Bei den Sperranlagen wird es besonders amüsant: Zitat "... sind Teil des NATO Konzepts Barrier und Denial Plan: Im Kriegsfall soll atomare und konventionelle Munition in Sprengkammern gefüllt und gezündet werden ...". Das ist die Beschriftung eines "Bundeswehr Sprengschachts". Ohne Worte. Ob es hilft, wenn man es quer über die Wand sprüht?:

IN BUNDESWEHRSPRENGSCHÄCHTE KAM NIEMALS ZU KEINER ZEIT NICHT NUKLEARE MUNITION.

So geht das nahtlos weiter, es werden beispielsweise Stecksperren gezeigt ohne den Sinn verstanden zu haben.

Vor einiger Zeit tauchte der Vorwurf auf Point Alpha sei, um es dezent auszudrücken, "von links" unterwandert, was ebenso dezent dementiert wurde.
Bei dieser "Dokumentation" wird ein dementieren schwierig. Es wird ganz eindeutig und gezielt der Eindruck erweckt, der Westen bzw. die NATO habe eine grundlose Massenmilitarisierung betrieben; wie die Bedrohungslage real aussah ist für den Laien nicht erkenntlich, wahrscheinlich war der "Sandkasten" zu klein. EIN Beispiel:

Es werden zwar (angebliche) LANCE (Atomraketen) Stellungen des Westens bei Gelnhausen aufgeführt (78 Km zur Grenze), nicht aber die Kurz- und Mittestrecken Atomraketen die bei Ohrdruf (58 km) und anderswo standen.

Für den Laien, speziell für Schüler und Jugendliche wird hier ein fatal falsches Bild aufgebaut dass NICHTS mit der damaligen Realität zu tun hat. Alleine die einseitige Darstellung der "westlichen Militärmacht" (blauer Anteil gegenüber rotem Anteil) beziehungsweise die massenhafte Anhäufung "blauer" Militärfahrzeuge gegenüber den wenigen "roten" muss als Absicht unterstellt werden, hier ein falsches Geschichtsbild zu zementieren.


Das kann auch nicht wundern, nennt man doch bei militärischen Fragen "Quellen" wie "Die Hessischen Grünen" statt berufene und nachprüfbare wie die Bundeswehr. Eine ganze Wand nimmt dafür die "osthessische Friedensbewegung" ein; dies erhärtet die obige Aussage und erklärt auch die Mengen an Fehlern. Oder sind es gar keine Fehler? Das diese Friedensbewegung "es gut gemeint" hat steht außer Frage, aber außer Frage steht ebenso dass sie jede Menge Fehlinformationen verbreitet hat. Wie man sieht mit Auswirkungen bis heute.
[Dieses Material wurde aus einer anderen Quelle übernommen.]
(* Let $n\ge1$ and let $z_1,\dots,z_n$ be indeterminates. For all integers $m,k\ge0$, \[ \mathrm{monomial}_2(m,k,n)=e_m e_{m+k}+\sum_{i=1}^{m}(-1)^i\,\frac{k+2i}{i}\binom{k+i-1}{i-1}\,e_{m-i}\,e_{m+k+i}. \]
   Context: $e_r$ is the elementary symmetric polynomial of degree $r$ in $z_1,\dots,z_n$, with $e_0=1$ and $e_r=0$ for $r>n$. For integers $m_2,m_1\ge0$, $\mathrm{monomial}_2(m_2,m_1,n)$ is the monomial symmetric polynomial $\sum z^\alpha$ over all exponent vectors $\alpha\in\{0,1,2\}^n$ having exactly $m_2$ entries equal to $2$ and exactly $m_1$ entries equal to $1$. *)

theory Defs
  imports Main "HOL-Library.FuncSet"
begin

text \<open>Elementary symmetric polynomial of degree r in z_1..z_n, evaluated at z.
  Empty sum for r > n, so e_r = 0 there; e_0 = 1.\<close>
definition esym :: "nat \<Rightarrow> nat \<Rightarrow> (nat \<Rightarrow> 'a::comm_ring_1) \<Rightarrow> 'a" where
  "esym n r z = (\<Sum>S\<in>{S. S \<subseteq> {1..n} \<and> card S = r}. \<Prod>i\<in>S. z i)"

definition monomial2 :: "nat \<Rightarrow> nat \<Rightarrow> nat \<Rightarrow> (nat \<Rightarrow> 'a::comm_ring_1) \<Rightarrow> 'a" where
  "monomial2 m2 m1 n z =
     (\<Sum>\<alpha>\<in>{\<alpha>. \<alpha> \<in> {1..n} \<rightarrow>\<^sub>E {0,1,2::nat}
              \<and> card {i\<in>{1..n}. \<alpha> i = 2} = m2 \<and> card {i\<in>{1..n}. \<alpha> i = 1} = m1}.
        \<Prod>i\<in>{1..n}. z i ^ \<alpha> i)"

end

theory Submission
  imports Defs
begin

text \<open>
  Both sides depend only on the finite index set, so we induct over it. Adjoining a variable x
  multiplies the generating series of the e_r by 1 + x t, i.e. replaces e_r by e_r + x e_(r-1),
  and turns monomial_2(m,k) into monomial_2(m,k) + x monomial_2(m,k-1) + x^2 monomial_2(m-1,k).
  The right-hand side is a quadratic form Q(m,k) = sum_i c(k,i) e_(m-i) e_(m+k+i) in the e_r.
  Under the substitution its x^2-part is plainly Q(m-1,k), and its x-part telescopes to Q(m,k-1)
  (to 0 when k = 0) thanks to the Pascal-type recurrence c(k+1,i) + c(k+1,i+1) = c(k,i+1).
  So both sides satisfy the same recurrence, and they agree for the empty index set.
\<close>

definition elem_sym :: "'i set \<Rightarrow> nat \<Rightarrow> ('i \<Rightarrow> 'a::comm_ring_1) \<Rightarrow> 'a" where
  "elem_sym A r z = (\<Sum>S | S \<subseteq> A \<and> card S = r. \<Prod>i\<in>S. z i)"

lemma elem_sym_empty: "elem_sym {} r z = (if r = 0 then 1 else 0)"
proof -
  have "{S. S \<subseteq> {} \<and> card S = r} = (if r = 0 then {{}} else {})"
    by auto
  show ?thesis
    unfolding elem_sym_def \<open>{S. S \<subseteq> {} \<and> card S = r} = _\<close> by simp
qed

lemma elem_sym_0 [simp]:
  assumes "finite A"
  shows "elem_sym A 0 z = 1"
proof -
  have "{S. S \<subseteq> A \<and> card S = 0} = {{}}"
    using assms by (auto dest: finite_subset)
  then show ?thesis
    by (simp add: elem_sym_def)
qed

lemma elem_sym_insert_Suc:
  assumes "finite A" "x \<notin> A"
  shows "elem_sym (insert x A) (Suc r) z = elem_sym A (Suc r) z + z x * elem_sym A r z"
proof -
  let ?sub = "\<lambda>r. {S. S \<subseteq> A \<and> card S = r}"
  have subsets_insert: "{S. S \<subseteq> insert x A \<and> card S = Suc r} = ?sub (Suc r) \<union> insert x ` ?sub r"
  proof (intro equalityI subsetI)
    fix S
    assume S: "S \<in> {S. S \<subseteq> insert x A \<and> card S = Suc r}"
    then have "finite S"
      using assms(1) finite_subset by auto
    with S show "S \<in> ?sub (Suc r) \<union> insert x ` ?sub r"
      by (cases "x \<in> S") (auto intro!: image_eqI[of _ _ "S - {x}"])
  qed (use assms in \<open>auto simp: card_insert_if finite_subset\<close>)
  have inj: "inj_on (insert x) (?sub r)"
    using assms(2) by (intro inj_onI) (metis insert_ident mem_Collect_eq subset_iff)
  have "(\<Sum>S\<in>insert x ` ?sub r. \<Prod>i\<in>S. z i) = z x * elem_sym A r z"
    using assms by (auto simp: sum.reindex[OF inj] elem_sym_def sum_distrib_left
                         intro!: sum.cong prod.insert intro: finite_subset)
  moreover have "?sub (Suc r) \<inter> insert x ` ?sub r = {}"
    using assms(2) by auto
  ultimately show ?thesis
    using assms(1) by (simp add: elem_sym_def subsets_insert sum.union_disjoint)
qed

definition monomial2_on :: "'i set \<Rightarrow> nat \<Rightarrow> nat \<Rightarrow> ('i \<Rightarrow> 'a::comm_ring_1) \<Rightarrow> 'a" where
  "monomial2_on A a b z =
     (\<Sum>\<alpha> | \<alpha> \<in> A \<rightarrow>\<^sub>E {0,1,2::nat}
              \<and> card {i\<in>A. \<alpha> i = 2} = a \<and> card {i\<in>A. \<alpha> i = 1} = b.
        \<Prod>i\<in>A. z i ^ \<alpha> i)"

lemma monomial2_on_altdef:
  assumes "finite A"
  shows "monomial2_on A a b z =
           (\<Sum>\<alpha>\<in>A \<rightarrow>\<^sub>E {0,1,2::nat}.
              if card {i\<in>A. \<alpha> i = 2} = a \<and> card {i\<in>A. \<alpha> i = 1} = b
              then \<Prod>i\<in>A. z i ^ \<alpha> i else 0)"
  unfolding monomial2_on_def using assms
  by (subst sum.inter_filter[symmetric]) (auto intro: finite_PiE)

lemma monomial2_on_empty: "monomial2_on {} a b z = (if a = 0 \<and> b = 0 then 1 else 0)"
  by (simp add: monomial2_on_altdef)

lemma sum_PiE_insert:
  assumes "x \<notin> A"
  shows "(\<Sum>\<alpha>\<in>insert x A \<rightarrow>\<^sub>E B. f \<alpha>) = (\<Sum>y\<in>B. \<Sum>g\<in>A \<rightarrow>\<^sub>E B. f (g(x := y)))"
proof -
  have "(\<Sum>\<alpha>\<in>insert x A \<rightarrow>\<^sub>E B. f \<alpha>) = (\<Sum>(y, g)\<in>B \<times> (A \<rightarrow>\<^sub>E B). f (g(x := y)))"
    unfolding PiE_insert_eq
    using inj_combinator[OF assms, of "\<lambda>_. B"] by (simp add: sum.reindex case_prod_unfold)
  then show ?thesis
    by (simp add: sum.cartesian_product)
qed

lemma monomial2_on_insert:
  fixes A :: "'i set" and z :: "'i \<Rightarrow> 'a::comm_ring_1"
  assumes "finite A" "x \<notin> A"
  shows "monomial2_on (insert x A) a b z =
           monomial2_on A a b z
           + (if b = 0 then 0 else z x * monomial2_on A a (b - 1) z)
           + (if a = 0 then 0 else z x ^ 2 * monomial2_on A (a - 1) b z)"
proof -
  have count: "card {i\<in>insert x A. (g(x := y)) i = v}
                 = card {i\<in>A. g i = v} + (if y = v then 1 else 0)"
    for g :: "'i \<Rightarrow> nat" and y v
  proof -
    have "{i\<in>insert x A. (g(x := y)) i = v} =
            (if y = v then insert x {i\<in>A. g i = v} else {i\<in>A. g i = v})"
      using assms(2) by auto
    then show ?thesis
      using assms by simp
  qed
  have prod: "(\<Prod>i\<in>insert x A. z i ^ (g(x := y)) i) = z x ^ y * (\<Prod>i\<in>A. z i ^ g i)"
    for g :: "'i \<Rightarrow> nat" and y
  proof -
    have "(\<Prod>i\<in>A. z i ^ (g(x := y)) i) = (\<Prod>i\<in>A. z i ^ g i)"
      using assms(2) by (intro prod.cong) auto
    then show ?thesis
      using assms by simp
  qed
  let ?P = "\<lambda>g. \<Prod>i\<in>A. z i ^ g i"
  let ?c = "\<lambda>v g. card {i\<in>A. g i = (v::nat)}"
  have "monomial2_on (insert x A) a b z =
          (\<Sum>y\<in>{0,1,2}. \<Sum>g\<in>A \<rightarrow>\<^sub>E {0,1,2}.
             if ?c 2 g + (if y = 2 then 1 else 0) = a \<and> ?c 1 g + (if y = 1 then 1 else 0) = b
             then z x ^ y * ?P g else 0)"
    unfolding monomial2_on_altdef[OF finite.insertI[OF assms(1)]] sum_PiE_insert[OF assms(2)]
      count prod ..
  also have "\<dots> = (\<Sum>g\<in>A \<rightarrow>\<^sub>E {0,1,2}. if ?c 2 g = a \<and> ?c 1 g = b then ?P g else 0)
      + (\<Sum>g\<in>A \<rightarrow>\<^sub>E {0,1,2}. if ?c 2 g = a \<and> Suc (?c 1 g) = b then z x * ?P g else 0)
      + (\<Sum>g\<in>A \<rightarrow>\<^sub>E {0,1,2}. if Suc (?c 2 g) = a \<and> ?c 1 g = b then z x ^ 2 * ?P g else 0)"
    by (simp add: add.assoc cong: if_cong)
  also have "\<dots> = monomial2_on A a b z
           + (if b = 0 then 0 else z x * monomial2_on A a (b - 1) z)
           + (if a = 0 then 0 else z x ^ 2 * monomial2_on A (a - 1) b z)"
    using assms(1)
    by (cases a; cases b)
       (simp_all add: monomial2_on_altdef sum_distrib_left if_distrib cong: if_cong)
  finally show ?thesis .
qed

text \<open>The coefficient c(k,i), in integral form so that the expansion holds over any commutative
  ring; \<open>mono2_coeff_closed_form\<close> recovers the one in the theorem.\<close>

fun mono2_coeff :: "nat \<Rightarrow> nat \<Rightarrow> 'a::comm_ring_1" where
  "mono2_coeff k 0 = 1"
| "mono2_coeff k (Suc j) = (-1) ^ Suc j * of_nat ((k + Suc j choose Suc j) + (k + j choose j))"

lemma mono2_coeff_Suc_add:
  "mono2_coeff (Suc k) i + mono2_coeff (Suc k) (Suc i) = (mono2_coeff k (Suc i) :: 'a::comm_ring_1)"
  by (cases i) (simp_all add: algebra_simps)

lemma mono2_coeff_0_add:
  "mono2_coeff 0 i + mono2_coeff 0 (Suc i) = (if i = 0 then -1 else 0 :: 'a::comm_ring_1)"
  by (cases i) simp_all

lemma mono2_coeff_closed_form:
  assumes "i > 0"
  shows "(mono2_coeff k i :: 'a::field_char_0)
           = (-1) ^ i * (of_nat (k + 2 * i) / of_nat i) * of_nat ((k + i - 1) choose (i - 1))"
proof -
  obtain j where i: "i = Suc j"
    using assms gr0_implies_Suc by blast
  let ?b = "(k + Suc j choose Suc j) + (k + j choose j)"
  have "Suc j * ?b = (k + 2 * Suc j) * (k + j choose j)"
    using Suc_times_binomial[of j "k + j"] by (simp add: algebra_simps)
  then have "of_nat (Suc j) * (of_nat ?b :: 'a) = of_nat (k + 2 * Suc j) * of_nat (k + j choose j)"
    by (metis of_nat_mult)
  then have "(of_nat ?b :: 'a) = of_nat (k + 2 * Suc j) / of_nat (Suc j) * of_nat (k + j choose j)"
    by (simp add: field_simps del: of_nat_Suc of_nat_add)
  then show ?thesis
    using i by simp
qed

definition seq_shift :: "(nat \<Rightarrow> 'a::zero) \<Rightarrow> nat \<Rightarrow> 'a" where
  "seq_shift e r = (case r of 0 \<Rightarrow> 0 | Suc r' \<Rightarrow> e r')"

lemma seq_shift_0 [simp]: "seq_shift e 0 = 0"
  and seq_shift_Suc [simp]: "seq_shift e (Suc r) = e r"
  by (simp_all add: seq_shift_def)

definition mono2_form :: "(nat \<Rightarrow> 'a::comm_ring_1) \<Rightarrow> (nat \<Rightarrow> 'a) \<Rightarrow> nat \<Rightarrow> nat \<Rightarrow> 'a" where
  "mono2_form e f m k = (\<Sum>i\<le>m. mono2_coeff k i * e (m - i) * f (m + k + i))"

lemma mono2_form_add_scaled:
  "mono2_form (\<lambda>r. e r + t * e' r) (\<lambda>r. f r + t * f' r) m k
     = mono2_form e f m k + t * (mono2_form e' f m k + mono2_form e f' m k)
       + t ^ 2 * mono2_form e' f' m k"
  by (simp add: mono2_form_def algebra_simps power2_eq_square sum.distrib sum_distrib_left)

lemma mono2_form_shift_shift:
  "mono2_form (seq_shift e) (seq_shift f) m k = (if m = 0 then 0 else mono2_form e f (m - 1) k)"
proof (cases m)
  case (Suc m')
  have "mono2_form (seq_shift e) (seq_shift f) m k
          = (\<Sum>i\<le>m'. mono2_coeff k i * seq_shift e (Suc m' - i) * seq_shift f (Suc (m' + k + i)))"
    by (simp add: mono2_form_def Suc)
  also have "\<dots> = mono2_form e f m' k"
    unfolding mono2_form_def by (intro sum.cong) (simp_all add: Suc_diff_le)
  finally show ?thesis
    using Suc by simp
qed (simp add: mono2_form_def)

lemma mono2_form_shift_sym:
  "mono2_form (seq_shift e) e m k + mono2_form e (seq_shift e) m k
     = (if k = 0 then 0 else mono2_form e e m (k - 1))"
proof (cases m)
  case 0
  then show ?thesis
    by (cases k) (simp_all add: mono2_form_def)
next
  case (Suc m')
  define f where "f i = e (m' - i) * e (Suc (m' + k + i))" for i
  have left: "mono2_form (seq_shift e) e m k = (\<Sum>i\<le>m'. mono2_coeff k i * f i)"
    unfolding mono2_form_def Suc sum.atMost_Suc
    by (auto simp: f_def Suc_diff_le mult.assoc intro!: sum.cong)
  have right: "mono2_form e (seq_shift e) m k
                 = e m * e (m' + k) + (\<Sum>i\<le>m'. mono2_coeff k (Suc i) * f i)"
    unfolding mono2_form_def Suc sum.atMost_Suc_shift by (simp add: f_def mult.assoc)
  have sum: "mono2_form (seq_shift e) e m k + mono2_form e (seq_shift e) m k
               = e m * e (m' + k) + (\<Sum>i\<le>m'. (mono2_coeff k i + mono2_coeff k (Suc i)) * f i)"
    unfolding left right by (simp add: distrib_right sum.distrib add_ac del: mono2_coeff.simps)
  show ?thesis
  proof (cases k)
    case 0
    have "(\<Sum>i\<le>m'. (mono2_coeff 0 i + mono2_coeff 0 (Suc i)) * f i)
            = (\<Sum>i\<le>m'. if i = 0 then - f 0 else 0)"
      by (intro sum.cong) (simp_all only: mono2_coeff_0_add refl, simp)
    with sum show ?thesis
      by (simp add: f_def Suc 0 del: mono2_coeff.simps)
  next
    case (Suc k')
    have "mono2_form e e m k' = e m * e (m' + k) + (\<Sum>i\<le>m'. mono2_coeff k' (Suc i) * f i)"
      unfolding mono2_form_def \<open>m = Suc m'\<close> sum.atMost_Suc_shift
      by (simp add: f_def Suc mult.assoc)
    with sum show ?thesis
      by (simp add: Suc mono2_coeff_Suc_add del: mono2_coeff.simps)
  qed
qed

lemma monomial2_on_eq_mono2_form:
  assumes "finite A"
  shows "monomial2_on A m k z = mono2_form (\<lambda>r. elem_sym A r z) (\<lambda>r. elem_sym A r z) m k"
  using assms
proof (induction A arbitrary: m k rule: finite_induct)
  case empty
  show ?case
    by (cases m) (auto simp: monomial2_on_empty mono2_form_def elem_sym_empty)
next
  case (insert x A)
  define e where "e = (\<lambda>r. elem_sym A r z)"
  have "(\<lambda>r. elem_sym (insert x A) r z) = (\<lambda>r. e r + z x * seq_shift e r)"
  proof
    show "elem_sym (insert x A) r z = e r + z x * seq_shift e r" for r
      using insert.hyps by (cases r) (simp_all add: e_def elem_sym_insert_Suc)
  qed
  then have "mono2_form (\<lambda>r. elem_sym (insert x A) r z) (\<lambda>r. elem_sym (insert x A) r z) m k
      = mono2_form e e m k + z x * (mono2_form (seq_shift e) e m k + mono2_form e (seq_shift e) m k)
        + z x ^ 2 * mono2_form (seq_shift e) (seq_shift e) m k"
    by (simp add: mono2_form_add_scaled)
  also have "\<dots> = monomial2_on (insert x A) m k z"
    by (simp add: mono2_form_shift_sym mono2_form_shift_shift monomial2_on_insert insert.hyps
                  insert.IH[folded e_def])
  finally show ?case ..
qed

theorem lemma3p3:
  fixes z :: "nat \<Rightarrow> 'a::field_char_0" and n m k :: nat
  assumes "n \<ge> 1"
  shows "monomial2 m k n z =
           esym n m z * esym n (m + k) z
           + (\<Sum>i=1..m. (-1) ^ i * (of_nat (k + 2 * i) / of_nat i)
                 * of_nat ((k + i - 1) choose (i - 1))
                 * esym n (m - i) z * esym n (m + k + i) z)"
proof -
  have esym: "esym n r z = elem_sym {1..n} r z" for r
    unfolding esym_def elem_sym_def ..
  have "monomial2 m k n z = monomial2_on {1..n} m k z"
    unfolding monomial2_def monomial2_on_def ..
  also have "\<dots> = mono2_form (\<lambda>r. esym n r z) (\<lambda>r. esym n r z) m k"
    by (simp add: monomial2_on_eq_mono2_form esym)
  also have "\<dots> = esym n m z * esym n (m + k) z
      + (\<Sum>i<m. mono2_coeff k (Suc i) * esym n (m - Suc i) z * esym n (m + k + Suc i) z)"
    unfolding mono2_form_def sum.atMost_shift by simp
  also have "(\<Sum>i<m. mono2_coeff k (Suc i) * esym n (m - Suc i) z * esym n (m + k + Suc i) z)
      = (\<Sum>i=1..m. (-1) ^ i * (of_nat (k + 2 * i) / of_nat i)
                 * of_nat ((k + i - 1) choose (i - 1))
                 * esym n (m - i) z * esym n (m + k + i) z)"
    unfolding sum.atLeast1_atMost_eq[folded One_nat_def]
    by (simp only: mono2_coeff_closed_form zero_less_Suc)
  finally show ?thesis .
qed

end
(* Let $\mathcal X$ be a real normed space and $\mathcal Y$ a normed space. Let $c:\mathcal X\to\mathcal Y$ be an orthogonally constant mapping. If $x,y\in\mathcal X$ satisfy $\|x\|=\|y\|$, then $c(x)=c(y)$.
   Context: For $x,y$ in a real normed space $\mathcal X$, isosceles orthogonality is defined by $x\perp y$ if and only if $\|x+y\|=\|x-y\|$. A mapping $c:\mathcal X\to\mathcal Y$ is called orthogonally constant if $c(x+y)=c(x-y)$ for all $x,y\in\mathcal X$ with $x\perp y$. *)

theory Defs
  imports "HOL-Analysis.Analysis"
begin

definition iso_orth :: "'a::real_normed_vector \<Rightarrow> 'a \<Rightarrow> bool" where
  "iso_orth x y \<longleftrightarrow> norm (x + y) = norm (x - y)"

definition orth_constant :: "('a::real_normed_vector \<Rightarrow> 'b) \<Rightarrow> bool" where
  "orth_constant c \<longleftrightarrow> (\<forall>x y. iso_orth x y \<longrightarrow> c (x + y) = c (x - y))"

end

theory Submission
  imports Defs
begin

lemma orth_constantD:
  assumes "orth_constant c" and "iso_orth x y"
  shows "c (x + y) = c (x - y)"
  using assms unfolding orth_constant_def by blast

lemma half_sum_add_half_diff:
  fixes x y :: "'a::real_vector"
  shows "(1/2) *\<^sub>R (x + y) + (1/2) *\<^sub>R (x - y) = x"
  by (simp add: algebra_simps flip: scaleR_add_left)

lemma half_sum_diff_half_diff:
  fixes x y :: "'a::real_vector"
  shows "(1/2) *\<^sub>R (x + y) - (1/2) *\<^sub>R (x - y) = y"
  by (simp add: algebra_simps flip: scaleR_add_left)

lemma iso_orth_half_sum_half_diff_iff:
  fixes x y :: "'a::real_normed_vector"
  shows "iso_orth ((1/2) *\<^sub>R (x + y)) ((1/2) *\<^sub>R (x - y)) \<longleftrightarrow> norm x = norm y"
  unfolding iso_orth_def half_sum_add_half_diff half_sum_diff_half_diff ..

theorem lemma2p2:
  fixes c :: "'a::real_normed_vector \<Rightarrow> 'b::real_normed_vector"
  assumes "orth_constant c"
    and "norm x = norm y"
  shows "c x = c y"
proof -
  have "iso_orth ((1/2) *\<^sub>R (x + y)) ((1/2) *\<^sub>R (x - y))"
    using assms(2) by (simp only: iso_orth_half_sum_half_diff_iff)
  from orth_constantD [OF assms(1) this] show ?thesis
    by (simp only: half_sum_add_half_diff half_sum_diff_half_diff)
qed

end
lemma walkpos_periodic_from:
  fixes w :: "nat \<Rightarrow> dir"
  assumes periodic: "\<And>x. a \<le> x \<Longrightarrow> w (x + L) = w x" and "a \<le> x"
  shows "walkpos w (x + k * L) = walkpos w x + pscale (int k) (walkpos w (a + L) - walkpos w a)"
proof -
  have shift: "walkpos w (y + L) = walkpos w y + (walkpos w (a + L) - walkpos w a)"
    if "a \<le> y" for y
    using that
  proof (induction y rule: dec_induct)
    case (step y)
    with periodic[of y] show ?case by (simp add: padd_eq_plus algebra_simps)
  qed simp
  show ?thesis
  proof (induction k)
    case (Suc k)
    have "x + Suc k * L = (x + k * L) + L" by simp
    with Suc shift[of "x + k * L"] \<open>a \<le> x\<close> show ?case
      by (simp add: pscale_add pscale_1 algebra_simps)
  qed (simp add: pscale_0)
qed

lemma stable_if_bonds_along_walk:
  assumes dom: "dom \<gamma> = range (walkpos w)" and bonds: "\<And>n. bond \<gamma> (walkpos w n) (w n)"
  shows "stable \<gamma>"
proof -
  define R where "R = {(x, y). bgraph_adj \<gamma> x y}"
  have adj: "(walkpos w n, walkpos w (Suc n)) \<in> R \<and> (walkpos w (Suc n), walkpos w n) \<in> R" for n
  proof -
    have reverse_bond: "bond \<gamma> (walkpos w (Suc n)) (opp (w n))"
      using bonds[of n] by (auto simp: bond_def)
    have "bgraph_adj \<gamma> (walkpos w n) (walkpos w (Suc n))"
      unfolding bgraph_adj_def using bonds[of n] by auto
    moreover have "bgraph_adj \<gamma> (walkpos w (Suc n)) (walkpos w n)"
      unfolding bgraph_adj_def using reverse_bond by (intro exI[of _ "opp (w n)"]) simp
    ultimately show ?thesis by (simp add: R_def)
  qed
  have "(walkpos w 0, walkpos w n) \<in> R\<^sup>* \<and> (walkpos w n, walkpos w 0) \<in> R\<^sup>*" for n
  proof (induction n)
    case (Suc n)
    with adj[of n] show ?case by (meson converse_rtrancl_into_rtrancl rtrancl_into_rtrancl)
  qed simp
  then show ?thesis
    unfolding stable_def R_def[symmetric] dom by (auto intro: rtrancl_trans)
qed
lemma sums_of_nat_square_mult_power:
  fixes z :: "'a::{real_normed_field, banach}"
  assumes "norm z < 1"
  shows "(\<lambda>n. of_nat n ^ 2 * z ^ n) sums (z * (1 + z) / (1 - z) ^ 3)"
proof -
  have "1 - z \<noteq> 0" using assms by auto
  have "(\<lambda>n. of_nat (Suc n) * of_nat (Suc (Suc n)) * z ^ n - 3 * (of_nat (Suc n) * z ^ n) + z ^ n)
      sums (2 / (1 - z) ^ 3 - 3 * (1 / (1 - z) ^ 2) + 1 / (1 - z))"
    using assms
    by (intro sums_add sums_diff sums_mult geometric_second_deriv_sums geometric_deriv_sums)
      (simp_all add: geometric_sums)
  also have "2 / (1 - z) ^ 3 - 3 * (1 / (1 - z) ^ 2) + 1 / (1 - z) = z * (1 + z) / (1 - z) ^ 3"
    using \<open>1 - z \<noteq> 0\<close> by (simp add: field_simps, algebra)
  finally show ?thesis
    by (simp add: algebra_simps power2_eq_square)
qed

lemma has_sum_int_split_nonpos:
  fixes h :: "int \<Rightarrow> 'b::topological_comm_monoid_add"
  assumes "\<And>n. n \<ge> 2 \<Longrightarrow> h n = 0"
    and "((\<lambda>k. h (- int k)) has_sum s) UNIV"
  shows "(h has_sum (h 1 + s)) UNIV"
proof -
  have "inj (\<lambda>k::nat. - int k)" by (auto intro: injI)
  moreover have "range (\<lambda>k::nat. - int k) = {..0}"
    by (auto intro!: image_eqI[where x = "nat (- _)"])
  ultimately have "(h has_sum s) {..0}"
    using has_sum_reindex[of "\<lambda>k::nat. - int k" UNIV h] assms(2) by (simp add: o_def)
  then have "(h has_sum (h 1 + s)) (insert 1 {..0})"
    by (rule has_sum_insert[rotated]) simp
  then show ?thesis
    by (rule has_sum_cong_neutral[THEN iffD1, rotated -1]) (auto simp: assms(1))
qed

lemma abs_T_le_2: "\<bar>T x y\<bar> \<le> 2"
  by (simp add: T_def)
Es kann nicht angehen das ein Museum, welches Hunderttausende an öffentlichen Geldern verschlingt in einem fort (gezielte?) Fehlinformation verbreitet, und andere Museen welche deutlich bessere und "billigere" Arbeit leisten und unsere Jugend mit einem korrekten Geschichtsbild nach Hause schicken, bei Anfragen nach Geldern und Hilfe zur Antwort bekommen "tut uns leid, wir sind mit Point Alpha ausgelastet".

Immerhin gibt es auch erfreuliches. Wenn man zurück fährt, kann man in einer Rasdorfer Bäckerei eine "Point Alpha Torte" kaufen. Nomen est Omen.